I am using the Adapter class for the conversion.
val tripRDD = Adapter.toSpatialRdd(trips, "geom", tripColumns)
val rddWithOtherAttributes = tripRDD.rawSpatialRDD.rdd.map[String](f=> {
f.getUserData.toString
})
tripRDD.analyze()
val poiRDD = Adapter.toSpatialRdd(poiDS.toDF, "geom", poiColumns)
poiRDD.analyze()
tripRDD.spatialPartitioning(GridType.KDBTREE, appConf.getInputPartitions)
val joinRes = JoinQuery.SpatialJoinQueryFlat(tripRDD, poiRDD, usingIndex,
spatialPredicate)
val df = Adapter.toDf(joinRes, tripColumns, poiColumns, sparkSession)
df.show
How can I get the original attributes to be propagated as part of the join? I
searched the documentation but couldn't find any documentation on this.
By specifying the columns to be carried through in the Adapter.toSpatialRdd, I
assume that the attributes would be carried through into the join as well.

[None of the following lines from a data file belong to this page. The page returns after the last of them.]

lemma twisted_Cm_factor:
  assumes m: "3 \<le> m" and "twisted_edges m h \<subseteq> E"
  shows "cycle_factor m (lex_V (cycle_graph_V m) 4) E (twisted_edges m h)"
  using bij_betw_twisted_vertex twisted_edges_eq[OF m] assms
  by (intro cycle_factor_of_bij) (simp_all add: lex_V_eq)

section \<open>Potentials and the edge colouring\<close>

text \<open>The potentials 0, x mod 2 and 3 (x mod 2) have jumps 0, 1, 3 or 0, 3, 1 at every x
  when m is even. For odd m the parity pattern breaks at the wrap-around, which is repaired by
  giving the last vertex the potentials 1, 0, 3.\<close>

definition potential :: "nat \<Rightarrow> nat \<Rightarrow> nat \<Rightarrow> nat" where
  "potential m k x =
     (if odd m \<and> x = m - 1 then (if k = 2 then 1 else if k = 3 then 0 else 3)
      else (if k = 2 then 0 else if k = 3 then x mod 2 else 3 * (x mod 2)))"

definition potential_jump :: "nat \<Rightarrow> nat \<Rightarrow> nat \<Rightarrow> nat" where
  "potential_jump m k x = jump (potential m k x) (potential m k (Suc x mod m))"

lemma potential_regular:
  assumes "\<not> (odd m \<and> x = m - 1)"
  shows "potential m 2 x = 0" "potential m 3 x = x mod 2" "potential m 4 x = 3 * (x mod 2)"
  using assms by (simp_all add: potential_def)

lemma potential_last:
  assumes "odd m"
  shows "potential m 2 (m - 1) = 1" "potential m 3 (m - 1) = 0" "potential m 4 (m - 1) = 3"
  using assms by (simp_all add: potential_def)

lemma potential_jumps_last:
  assumes "3 \<le> m"
  shows "(potential_jump m 2 (m - 1), potential_jump m 3 (m - 1), potential_jump m 4 (m - 1)) =
    (if odd m then (3, 0, 1) else (0, 3, 1))"
proof -
  have succ: "Suc (m - 1) mod m = 0" and r0: "\<not> (odd m \<and> 0 = m - 1)"
    using assms by auto
  show ?thesis
  proof (cases "odd m")
    case True
    then show ?thesis
      unfolding potential_jump_def succ using potential_last[OF True] potential_regular[OF r0]
      by (simp add: jump_def)
  next
    case False
    then have "(m - 1) mod 2 = 1" and r: "\<not> (odd m \<and> m - 1 = m - 1)"
      using assms by presburger+
    with False show ?thesis
      unfolding potential_jump_def succ using potential_regular[OF r] potential_regular[OF r0]
      by (simp add: jump_def)
  qed
qed

lemma potential_jumps_penultimate:
  assumes "3 \<le> m"
  shows "(potential_jump m 2 (m - 2), potential_jump m 3 (m - 2), potential_jump m 4 (m - 2)) =
    (if odd m then (1, 3, 0) else (0, 1, 3))"
proof -
  have succ: "Suc (m - 2) mod m = m - 1" and r: "\<not> (odd m \<and> m - 2 = m - 1)"
    using assms by auto
  show ?thesis
  proof (cases "odd m")
    case True
    then have "(m - 2) mod 2 = 1"
      using assms by presburger
    with True show ?thesis
      unfolding potential_jump_def succ using potential_last[OF True] potential_regular[OF r]
      by (simp add: jump_def)
  next
    case False
    then have "(m - 2) mod 2 = 0" "(m - 1) mod 2 = 1" and r1: "\<not> (odd m \<and> m - 1 = m - 1)"
      using assms by presburger+
    with False show ?thesis
      unfolding potential_jump_def succ using potential_regular[OF r] potential_regular[OF r1]
      by (simp add: jump_def)
  qed
qed

lemma potential_jumps_inner:
  assumes "Suc (Suc x) < m"
  shows "(potential_jump m 2 x, potential_jump m 3 x, potential_jump m 4 x) =
    (if even x then (0, 1, 3) else (0, 3, 1))"
proof -
  have succ: "Suc x mod m = Suc x" and r: "\<not> (odd m \<and> x = m - 1)" "\<not> (odd m \<and> Suc x = m - 1)"
    using assms by auto
  note potential_2 = potential_regular(1)[OF r(1)] potential_regular(1)[OF r(2)]
  show ?thesis
  proof (cases "even x")
    case True
    then have "potential m 3 x = 0" "potential m 4 x = 0"
      "potential m 3 (Suc x) = 1" "potential m 4 (Suc x) = 3"
      using potential_regular[OF r(1)] potential_regular[OF r(2)] by presburger+
    with True show ?thesis
      unfolding potential_jump_def succ using potential_2 by (simp add: jump_def)
  next
    case False
    then have "potential m 3 x = 1" "potential m 4 x = 3"
      "potential m 3 (Suc x) = 0" "potential m 4 (Suc x) = 0"
      using potential_regular[OF r(1)] potential_regular[OF r(2)] by presburger+
    with False show ?thesis
      unfolding potential_jump_def succ using potential_2 by (simp add: jump_def)
  qed
qed

lemma bij_betw_onto_013:
  assumes "(f 2, f 3, f 4) \<in> {(0, 1, 3), (0, 3, 1), (1, 3, 0), (3, 0, 1 :: nat)}"
  shows "bij_betw f {2, 3, 4 :: nat} {0, 1, 3}"
  using assms by (auto simp: bij_betw_def)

Here is the error I am seeing:
va.lang.RuntimeException: Error while encoding: java.lang.RuntimeException:
java.lang.String is not a valid external type for schema of geometry
if (assertnotnull(input[0, org.apache.spark.sql.Row, true]).isNullAt) null else
newInstance(class org.apache.spark.sql.sedona_sql.UDT.GeometryUDT).serialize AS
leftgeometry#2424
if (assertnotnull(input[0, org.apache.spark.sql.Row, true]).isNullAt) null else
staticinvoke(class org.apache.spark.unsafe.types.UTF8String, StringType,
fromString, validateexternaltype(getexternalrowfield(assertnotnull(input[0,
org.apache.spark.sql.Row, true]), 1, leftgeometry), StringType), true, false,
true) AS leftgeometry#2425
if (assertnotnull(input[0, org.apache.spark.sql.Row, true]).isNullAt) null else
staticinvoke(class org.apache.spark.unsafe.types.UTF8String, StringType,
fromString, validateexternaltype(getexternalrowfield(assertnotnull(input[0,
org.apache.spark.sql.Row, true]), 2, trip_id), StringType), true, false, true)
AS trip_id#2426
if (assertnotnull(input[0, org.apache.spark.sql.Row, true]).isNullAt) null else
newInstance(class org.apache.spark.sql.sedona_sql.UDT.GeometryUDT).serialize AS
rightgeometry#2427
at
org.apache.spark.sql.errors.QueryExecutionErrors$.expressionEncodingError(QueryExecutionErrors.scala:1052)
at
org.apache.spark.sql.catalyst.encoders.ExpressionEncoder$Serializer.apply(ExpressionEncoder.scala:210)
at
org.apache.spark.sql.catalyst.encoders.ExpressionEncoder$Serializer.apply(ExpressionEncoder.scala:193)
Thanks,
Trang